Pantalons de camouflage au palais: des juges refusent de siéger

Agence Qmi
2015-06-12 09:11:00

« On ne s’y attendait pas », a lancé un avocat qui s'est frappé aux portes closes ce jeudi.
Les juges ont en effet vu d’un très mauvais œil les moyens de pression des forces de l’ordre du palais, qui réclament une bonification salariale afin de se rapprocher des salaires des agents des services correctionnels.
« Ce qu’on demande équivaut à une hausse salariale de 5000 dollars par année, a expliqué le constable Jacques Daoust, délégué syndical des constables spéciaux du palais de justice de Montréal. Et même si on nous accorde cette hausse, on restera le corps d’agents de la paix le moins payé. Les agents de la faune et les contrôleurs routiers ont de meilleurs salaires ».
À l’heure actuelle, un constable spécial à temps plein gagne environ 50 000 dollars par année, a précisé le constable Daoust.
Pressions
Depuis quelques jours, les constables spéciaux ont entamé des pressions dans le cadre du renouvellement de leur convention collective, échue depuis le 31 mars dernier.

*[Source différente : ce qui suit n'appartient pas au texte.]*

(* Let $Y$ be a Young diagram with row lengths $a_1\ge\cdots\ge a_m\ge0$, let $P\subseteq (C\times S)\cup(R\times S)\cup(R\times C)$, and let $1\le i<j\le a_1$. Let $P'=\phi_{c_i,c_j}(P)$. Then (1) $|P'|=|P|$, and (2) if $P$ is a 2-cover of $H(Y)$, then so is $P'$.
   Context: $H(Y)$ has vertex sides $R=\{r_1,\dots,r_m\}$, $C=\{c_1,\dots,c_{a_1}\}$, $S=\{s_1,\dots,s_{a_1}\}$ and edges $\{r_\ell,c_a,s_b\}$ for $1\le\ell\le m$, $1\le a,b\le a_\ell$. For disjoint $A,B$, $A\times B$ is the set of pairs $\{x,y\}$ with $x\in A,y\in B$. A 2-cover of $H(Y)$ is a set of pairs such that every edge of $H(Y)$ contains one of them. Given $P$, let $Q=P\cap(C\times S)$, $W=P\cap(R\times C)$, $N_Q(c)=\{s\in S: cs\in Q\}$, $N_W(c)=\{r\in R: rc\in W\}$, and for an integer $t$ let $L_t=\{r_\ell\in R: a_\ell<t\}$. The shifting $\phi_{c_i,c_j}(P)$ (for $i<j$) is obtained from $P$ by deleting all pairs of $P$ containing $c_i$ or $c_j$ and adding the pairs $\{c_i\}\times(N_Q(c_i)\cup N_Q(c_j))$, $\{c_j\}\times(N_Q(c_i)\cap N_Q(c_j))$, $\{c_i\}\times\big(N_W(c_i)\cap(N_W(c_j)\cup L_j)\big)$, and $\{c_j\}\times\big(N_W(c_j)\cup(N_W(c_i)\setminus L_j)\big)$. *)

theory Defs
  imports Main
begin

text \<open>Vertices of H(Y): r_l, c_a, s_b (indices start at 1).\<close>
datatype vertex = Rv nat | Cv nat | Sv nat

definition Rset :: "nat \<Rightarrow> vertex set" where
  "Rset m = Rv ` {1..m}"

definition Cset :: "(nat \<Rightarrow> nat) \<Rightarrow> vertex set" where
  "Cset a = Cv ` {1..a 1}"

definition Sset :: "(nat \<Rightarrow> nat) \<Rightarrow> vertex set" where
  "Sset a = Sv ` {1..a 1}"

text \<open>A \<times> B as the set of unordered pairs {x,y} with x in A, y in B.\<close>
definition pairs :: "vertex set \<Rightarrow> vertex set \<Rightarrow> vertex set set" where
  "pairs A B = {{x, y} | x y. x \<in> A \<and> y \<in> B}"

definition HY_edges :: "nat \<Rightarrow> (nat \<Rightarrow> nat) \<Rightarrow> vertex set set" where
  "HY_edges m a = {{Rv l, Cv x, Sv y} | l x y.
      1 \<le> l \<and> l \<le> m \<and> 1 \<le> x \<and> x \<le> a l \<and> 1 \<le> y \<and> y \<le> a l}"

definition two_cover :: "nat \<Rightarrow> (nat \<Rightarrow> nat) \<Rightarrow> vertex set set \<Rightarrow> bool" where
  "two_cover m a P \<longleftrightarrow> (\<forall>e \<in> HY_edges m a. \<exists>p \<in> P. p \<subseteq> e)"

definition NQ :: "(nat \<Rightarrow> nat) \<Rightarrow> vertex set set \<Rightarrow> vertex \<Rightarrow> vertex set" where
  "NQ a P c = {s \<in> Sset a. {c, s} \<in> P \<inter> pairs (Cset a) (Sset a)}"

definition NW :: "nat \<Rightarrow> (nat \<Rightarrow> nat) \<Rightarrow> vertex set set \<Rightarrow> vertex \<Rightarrow> vertex set" where
  "NW m a P c = {r \<in> Rset m. {r, c} \<in> P \<inter> pairs (Rset m) (Cset a)}"

definition Lt :: "nat \<Rightarrow> (nat \<Rightarrow> nat) \<Rightarrow> nat \<Rightarrow> vertex set" where
  "Lt m a t = {Rv l | l. 1 \<le> l \<and> l \<le> m \<and> a l < t}"

definition shift :: "nat \<Rightarrow> (nat \<Rightarrow> nat) \<Rightarrow> nat \<Rightarrow> nat \<Rightarrow> vertex set set \<Rightarrow> vertex set set" where
  "shift m a i j P =
     {p \<in> P. Cv i \<notin> p \<and> Cv j \<notin> p}
     \<union> pairs {Cv i} (NQ a P (Cv i) \<union> NQ a P (Cv j))
     \<union> pairs {Cv j} (NQ a P (Cv i) \<inter> NQ a P (Cv j))
     \<union> pairs {Cv i} (NW m a P (Cv i) \<inter> (NW m a P (Cv j) \<union> Lt m a j))
     \<union> pairs {Cv j} (NW m a P (Cv j) \<union> (NW m a P (Cv i) - Lt m a j))"

end

theory Submission
  imports Defs
begin

text \<open>
  Pairs avoiding \<open>c\<^sub>i\<close> and \<open>c\<^sub>j\<close> are untouched, and the pairs through \<open>c\<^sub>i\<close> (resp. \<open>c\<^sub>j\<close>)
  form a star \<open>{c\<^sub>i} \<times> X\<^sub>i\<close> with \<open>X\<^sub>i = N\<^sub>Q(c\<^sub>i) \<union> N\<^sub>W(c\<^sub>i)\<close>. The shift replaces
  \<open>(X\<^sub>i, X\<^sub>j)\<close> by two sets with the same union and the same intersection (the \<open>S\<close>- and
  \<open>R\<close>-parts are disjoint and are treated separately), so the number of pairs is unchanged.
  An edge \<open>{r\<^sub>l, c\<^sub>x, s\<^sub>b}\<close> with \<open>x \<in> {i, j}\<close> has \<open>i \<le> a\<^sub>l\<close>, so its companion edge through
  \<open>c\<^sub>i\<close> is covered by \<open>P\<close>, and so is the one through \<open>c\<^sub>j\<close> unless \<open>a\<^sub>l < j\<close>, i.e. \<open>r\<^sub>l \<in> L\<^sub>j\<close>.
\<close>

lemma pairs_singleton: "pairs {c} X = (\<lambda>x. {c, x}) ` X"
  unfolding pairs_def by auto

lemma card_pairs_singleton:
  assumes "c \<notin> X"
  shows "card (pairs {c} X) = card X"
proof -
  have "inj_on (\<lambda>x. {c, x}) X"
    using assms by (auto simp: inj_on_def doubleton_eq_iff)
  then show ?thesis
    unfolding pairs_singleton by (rule card_image)
qed

lemma finite_pairs:
  assumes "finite A" "finite B"
  shows "finite (pairs A B)"
proof -
  have "pairs A B = (\<lambda>(x, y). {x, y}) ` (A \<times> B)"
    unfolding pairs_def by auto
  then show ?thesis
    using assms by simp
qed

lemma card_Un_two_stars:
  assumes "finite K" "finite X" "finite Y" "u \<noteq> v"
    and "u \<notin> X \<union> Y" "v \<notin> X \<union> Y"
    and "\<forall>p \<in> K. u \<notin> p \<and> v \<notin> p"
  shows "card (K \<union> pairs {u} X \<union> pairs {v} Y) = card K + card X + card Y"
proof -
  have "K \<inter> pairs {u} X = {}" "(K \<union> pairs {u} X) \<inter> pairs {v} Y = {}"
    using assms(4,5,7) unfolding pairs_singleton by (auto simp: doubleton_eq_iff)
  then show ?thesis
    using assms(1-3,5,6)
    by (simp add: card_Un_disjoint card_pairs_singleton finite_pairs)
qed

lemma card_add_eq_if_Un_Int_eq:
  assumes "finite A" "finite B" "A' \<union> B' = A \<union> B" "A' \<inter> B' = A \<inter> B"
  shows "card A' + card B' = card A + card B"
proof -
  have "finite A'" "finite B'"
    using assms(1-3) by (metis finite_Un)+
  then show ?thesis
    using assms by (metis card_Un_Int)
qed

lemma vertex_notin_sides [simp]:
  "Rv l \<notin> Cset a" "Rv l \<notin> Sset a" "Cv x \<notin> Rset m" "Cv x \<notin> Sset a" "Sv y \<notin> Rset m" "Sv y \<notin> Cset a"
  by (auto simp: Rset_def Cset_def Sset_def)

lemma Rset_Int_Sset: "Rset m \<inter> Sset a = {}"
  by (auto simp: Rset_def Sset_def)

lemma shift_memI:
  "p \<in> P \<Longrightarrow> Cv i \<notin> p \<Longrightarrow> Cv j \<notin> p \<Longrightarrow> p \<in> shift m a i j P"
  "s \<in> NQ a P (Cv i) \<union> NQ a P (Cv j) \<Longrightarrow> {Cv i, s} \<in> shift m a i j P"
  "s \<in> NQ a P (Cv i) \<inter> NQ a P (Cv j) \<Longrightarrow> {Cv j, s} \<in> shift m a i j P"
  "r \<in> NW m a P (Cv i) \<inter> (NW m a P (Cv j) \<union> Lt m a j) \<Longrightarrow> {r, Cv i} \<in> shift m a i j P"
  "r \<in> NW m a P (Cv j) \<union> (NW m a P (Cv i) - Lt m a j) \<Longrightarrow> {r, Cv j} \<in> shift m a i j P"
  unfolding shift_def pairs_def by (blast intro: insert_commute)+

lemma mem_pairs_imageE:
  assumes "p \<in> pairs (f ` A) (g ` B)"
  obtains x y where "p = {f x, g y}"
  using assms unfolding pairs_def by blast

locale tripartite_pairs =
  fixes m :: nat and a :: "nat \<Rightarrow> nat" and P :: "vertex set set"
  assumes P_sub: "P \<subseteq> pairs (Cset a) (Sset a) \<union> pairs (Rset m) (Sset a) \<union> pairs (Rset m) (Cset a)"
begin

lemma finite_P: "finite P"
  using P_sub by (rule finite_subset) (simp add: finite_pairs Rset_def Cset_def Sset_def)

lemma mem_PE:
  assumes "p \<in> P"
  obtains x y where "p = {Cv x, Sv y}" | x y where "p = {Rv x, Sv y}" | x y where "p = {Rv x, Cv y}"
proof -
  have "p \<in> pairs (Cv ` {1..a 1}) (Sv ` {1..a 1}) \<or> p \<in> pairs (Rv ` {1..m}) (Sv ` {1..a 1})
      \<or> p \<in> pairs (Rv ` {1..m}) (Cv ` {1..a 1})"
    using assms P_sub unfolding Rset_def Cset_def Sset_def by blast
  then show thesis
    using that by (elim disjE mem_pairs_imageE)
qed

lemma mem_P_subset_vertices: "p \<in> P \<Longrightarrow> p \<subseteq> Rset m \<union> Cset a \<union> Sset a"
  using P_sub unfolding pairs_def by blast

lemma mem_NQ_iff: "Sv y \<in> NQ a P (Cv x) \<longleftrightarrow> {Cv x, Sv y} \<in> P"
proof
  assume xy: "{Cv x, Sv y} \<in> P"
  then have "Cv x \<in> Cset a" "Sv y \<in> Sset a"
    using mem_P_subset_vertices[OF xy] by auto
  with xy show "Sv y \<in> NQ a P (Cv x)"
    unfolding NQ_def pairs_def by blast
qed (simp add: NQ_def)

lemma mem_NW_iff: "Rv l \<in> NW m a P (Cv x) \<longleftrightarrow> {Rv l, Cv x} \<in> P"
proof
  assume lx: "{Rv l, Cv x} \<in> P"
  then have "Rv l \<in> Rset m" "Cv x \<in> Cset a"
    using mem_P_subset_vertices[OF lx] by auto
  with lx show "Rv l \<in> NW m a P (Cv x)"
    unfolding NW_def pairs_def by blast
qed (simp add: NW_def)

lemma star_eq_pairs_neighbours:
  "{p \<in> P. Cv x \<in> p} = pairs {Cv x} (NQ a P (Cv x) \<union> NW m a P (Cv x))"
proof (intro equalityI subsetI)
  fix p assume "p \<in> {p \<in> P. Cv x \<in> p}"
  then have p: "p \<in> P" "Cv x \<in> p" by auto
  then show "p \<in> pairs {Cv x} (NQ a P (Cv x) \<union> NW m a P (Cv x))"
    unfolding pairs_singleton
    by (elim mem_PE) (use p in \<open>auto simp: mem_NQ_iff mem_NW_iff image_iff doubleton_eq_iff\<close>)
next
  fix p assume "p \<in> pairs {Cv x} (NQ a P (Cv x) \<union> NW m a P (Cv x))"
  moreover have "NQ a P (Cv x) \<subseteq> range Sv" "NW m a P (Cv x) \<subseteq> range Rv"
    unfolding NQ_def NW_def Sset_def Rset_def by auto
  ultimately show "p \<in> {p \<in> P. Cv x \<in> p}"
    unfolding pairs_singleton by (auto simp: mem_NQ_iff mem_NW_iff insert_commute)
qed

lemma card_shift:
  assumes "i \<noteq> j"
  shows "card (shift m a i j P) = card P"
proof -
  define Qi Qj Wi Wj L
    where "Qi = NQ a P (Cv i)" and "Qj = NQ a P (Cv j)"
      and "Wi = NW m a P (Cv i)" and "Wj = NW m a P (Cv j)" and "L = Lt m a j"
  define K where "K = {p \<in> P. Cv i \<notin> p \<and> Cv j \<notin> p}"
  define Xi Xj Xi' Xj'
    where "Xi = Qi \<union> Wi" and "Xj = Qj \<union> Wj"
      and "Xi' = (Qi \<union> Qj) \<union> (Wi \<inter> (Wj \<union> L))" and "Xj' = (Qi \<inter> Qj) \<union> (Wj \<union> (Wi - L))"
  have P_eq: "P = K \<union> pairs {Cv i} Xi \<union> pairs {Cv j} Xj"
    using star_eq_pairs_neighbours[of i] star_eq_pairs_neighbours[of j]
    unfolding K_def Xi_def Xj_def Qi_def Qj_def Wi_def Wj_def by blast
  have shift_eq: "shift m a i j P = K \<union> pairs {Cv i} Xi' \<union> pairs {Cv j} Xj'"
    unfolding shift_def K_def Xi'_def Xj'_def Qi_def Qj_def Wi_def Wj_def L_def pairs_singleton
    by blast
  have Q: "Qi \<union> Qj \<subseteq> Sset a" and W: "Wi \<union> Wj \<subseteq> Rset m"
    unfolding Qi_def Qj_def Wi_def Wj_def NQ_def NW_def by auto
  have X: "Xi \<union> Xj \<subseteq> Rset m \<union> Sset a" "Xi' \<union> Xj' \<subseteq> Rset m \<union> Sset a"
    using Q W unfolding Xi_def Xj_def Xi'_def Xj'_def by auto
  have "finite (Rset m \<union> Sset a)"
    by (simp add: Rset_def Sset_def)
  then have fin: "finite Xi" "finite Xj" "finite Xi'" "finite Xj'" "finite K"
    using X finite_P unfolding K_def by (auto intro: finite_subset)
  have "Xi' \<union> Xj' = Xi \<union> Xj"
    unfolding Xi_def Xj_def Xi'_def Xj'_def by blast
  moreover have "Xi' \<inter> Xj' = Xi \<inter> Xj"
    using Q W Rset_Int_Sset unfolding Xi_def Xj_def Xi'_def Xj'_def by blast
  ultimately have card_X: "card Xi' + card Xj' = card Xi + card Xj"
    using fin by (intro card_add_eq_if_Un_Int_eq)
  have avoid: "Cv i \<notin> X \<union> Y" "Cv j \<notin> X \<union> Y" if "X \<union> Y \<subseteq> Rset m \<union> Sset a" for X Y
    using that by auto
  have "card (shift m a i j P) = card K + card Xi' + card Xj'"
    unfolding shift_eq using fin assms avoid[OF X(2)] by (intro card_Un_two_stars) (auto simp: K_def)
  also have "\<dots> = card K + card Xi + card Xj"
    using card_X by simp
  also have "\<dots> = card P"
    using fin assms avoid[OF X(1)] by (subst P_eq, intro card_Un_two_stars[symmetric]) (auto simp: K_def)
  finally show ?thesis .
qed

lemma two_cover_shift:
  assumes "1 \<le> i" "i < j" and cover: "two_cover m a P"
  shows "two_cover m a (shift m a i j P)"
  unfolding two_cover_def
proof
  fix e assume "e \<in> HY_edges m a"
  then obtain l x y where e: "e = {Rv l, Cv x, Sv y}"
    and bounds: "1 \<le> l" "l \<le> m" "1 \<le> x" "x \<le> a l" "1 \<le> y" "y \<le> a l"
    unfolding HY_edges_def by blast
  let ?S = "shift m a i j P"
  have P_covers: "{Rv l, Sv y} \<in> P \<or> Sv y \<in> NQ a P (Cv z) \<or> Rv l \<in> NW m a P (Cv z)"
    if "1 \<le> z" "z \<le> a l" for z
  proof -
    have "{Rv l, Cv z, Sv y} \<in> HY_edges m a"
      unfolding HY_edges_def using bounds that by blast
    then obtain p where p: "p \<in> P" "p \<subseteq> {Rv l, Cv z, Sv y}"
      using cover unfolding two_cover_def by blast
    then show ?thesis
      by (elim mem_PE) (use p in \<open>auto simp: mem_NQ_iff mem_NW_iff\<close>)
  qed
  have L: "Rv l \<in> Lt m a j \<longleftrightarrow> a l < j"
    using bounds by (auto simp: Lt_def)
  have "{Rv l, Sv y} \<in> ?S \<or> {Cv x, Sv y} \<in> ?S \<or> {Rv l, Cv x} \<in> ?S"
  proof (cases "x = i \<or> x = j")
    case False
    with P_covers[OF bounds(3,4)] show ?thesis
      by (auto simp: mem_NQ_iff mem_NW_iff intro: shift_memI(1))
  next
    case True
    have "i \<le> a l"
      using True bounds assms(2) by auto
    then have Pi: "{Rv l, Sv y} \<in> P \<or> Sv y \<in> NQ a P (Cv i) \<or> Rv l \<in> NW m a P (Cv i)"
      using P_covers assms(1) by blast
    have Pj: "{Rv l, Sv y} \<in> P \<or> Sv y \<in> NQ a P (Cv j) \<or> Rv l \<in> NW m a P (Cv j)"
      if "\<not> a l < j"
      using P_covers[of j] assms that by auto
    from True bounds consider "x = i" | "x = j" "\<not> a l < j"
      by fastforce
    then show ?thesis
    proof cases
      case 1
      have "{Rv l, Sv y} \<in> P \<or> Sv y \<in> NQ a P (Cv i) \<union> NQ a P (Cv j)
          \<or> Rv l \<in> NW m a P (Cv i) \<inter> (NW m a P (Cv j) \<union> Lt m a j)"
        using Pi Pj L by blast
      then show ?thesis
        unfolding 1 by (blast intro: shift_memI)
    next
      case 2
      have "{Rv l, Sv y} \<in> P \<or> Sv y \<in> NQ a P (Cv i) \<inter> NQ a P (Cv j)
          \<or> Rv l \<in> NW m a P (Cv j) \<union> (NW m a P (Cv i) - Lt m a j)"
        using Pi Pj 2 L by blast
      then show ?thesis
        unfolding 2 by (blast intro: shift_memI)
    qed
  qed
  moreover have "{Rv l, Sv y} \<subseteq> e" "{Cv x, Sv y} \<subseteq> e" "{Rv l, Cv x} \<subseteq> e"
    unfolding e by auto
  ultimately show "\<exists>p \<in> ?S. p \<subseteq> e"
    by blast
qed

end

theorem lemma3:
  fixes m :: nat and a :: "nat \<Rightarrow> nat" and P :: "vertex set set" and i j :: nat
  assumes young: "\<And>l l'. 1 \<le> l \<Longrightarrow> l \<le> l' \<Longrightarrow> l' \<le> m \<Longrightarrow> a l' \<le> a l"
    and P_sub: "P \<subseteq> pairs (Cset a) (Sset a) \<union> pairs (Rset m) (Sset a) \<union> pairs (Rset m) (Cset a)"
    and ij: "1 \<le> i" "i < j" "j \<le> a 1"
  shows "card (shift m a i j P) = card P
         \<and> (two_cover m a P \<longrightarrow> two_cover m a (shift m a i j P))"
proof -
  interpret tripartite_pairs m a P
    by (rule tripartite_pairs.intro) (fact P_sub)
  show ?thesis
    using card_shift two_cover_shift ij(1,2) by simp
qed

end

La semaine dernière, une voiture aux couleurs des constables spéciaux était garée devant le palais de justice, tandis que les agents arboraient sur leurs gilets pare-balles un autocollant avec le slogan « menotté par l’austérité ».
Depuis mercredi, ils portent également un brassard où ils appellent le gouvernement à la négociation.
C’est d’ailleurs ce moyen de visibilité qui a causé l’ire de certains juges, notamment à Gatineau et en Montérégie, et dans des palais de justice en région. Le litige vient du fait que ces brassards véhiculent un message, si bien que les constables ont décidé de porter des pantalons non réglementaires, mais où rien n’est inscrit.
Rhabillés
Le syndicat, qui compte environ 350 membres dans les palais de justice du Québec, ainsi qu’à l’Assemblée nationale et certains édifices gouvernementaux, a prévenu ses membres d’éviter les pantalons de camouflage dans les salles d’audience, et d’opter plutôt pour des jeans ou des pantalons propres.
Malgré tout, ce n’est pas assez pour certains juges, qui ont tout simplement décidé de fermer leur salle. Les constables spéciaux dans ces salles n’ont pas eu d’autres choix que d’aller revêtir leurs pantalons réglementaires.
« On est pris là-dedans, parce qu’on n’a pas le droit de faire des moyens de pression, juste de visibilité », a indiqué le constable Daoust.
Réaction
Le chef du Parti québécois Pierre Karl Péladeau a réagi face aux moyens de pression des constables spéciaux, qui sont aussi présents à l’Assemblée nationale.
« Ce sont des moyens de pression (...) chose certaine, je pense que tout le monde a droit de faire valoir son point de vue, a-t-il dit. Nous sommes dans une situation de négociation, on sait que le gouvernement n’est particulièrement pas généreux.»
« Que ce soit des moyens de pression dans le cadre du processus de négociation, ça m’apparaît tout à fait approprié », a ajouté le leader de l’opposition officielle.
Le juge en chef associé de la Cour du Québec a pour sa part rappelé que les magistrats étaient maîtres dans leur salle d’audience, sur tout ce qui touche le décorum.
« En règle générale, la philosophie est de dire non (aux moyens de visibilité qui affectent le décorum), a expliqué le juge Mario Tremblay. Mais un juge peut quand même décider de siéger pour faire avancer un dossier. Les juges ne prennent pas position, c’est géré individuellement, selon le contexte.»
Image
Rappelons que la police de Montréal avait causé un tollé mardi, alors que les agents ont gardé leurs pantalons de camouflage lors des funérailles de l’ex-premier ministre Jacques Parizeau.
Il n’y aurait toutefois pas de liens avec les uniformes des forces de l’ordre du palais de justice ce jeudi. Et le syndicat des constables ne pense pas que les événements de mardi nuiront à l’image des constables spéciaux.
« Tout ce qu’on a, ce sont des moyens de visibili té pour faire valoir nos droits, a expliqué le constable Daoust. Même au niveau des juges, on sent qu’on est soutenu. Ils ne sont pas contre nos moyens, mais certains demandent à ce que l’on porte l’uniforme réglementaire dans leurs salles.»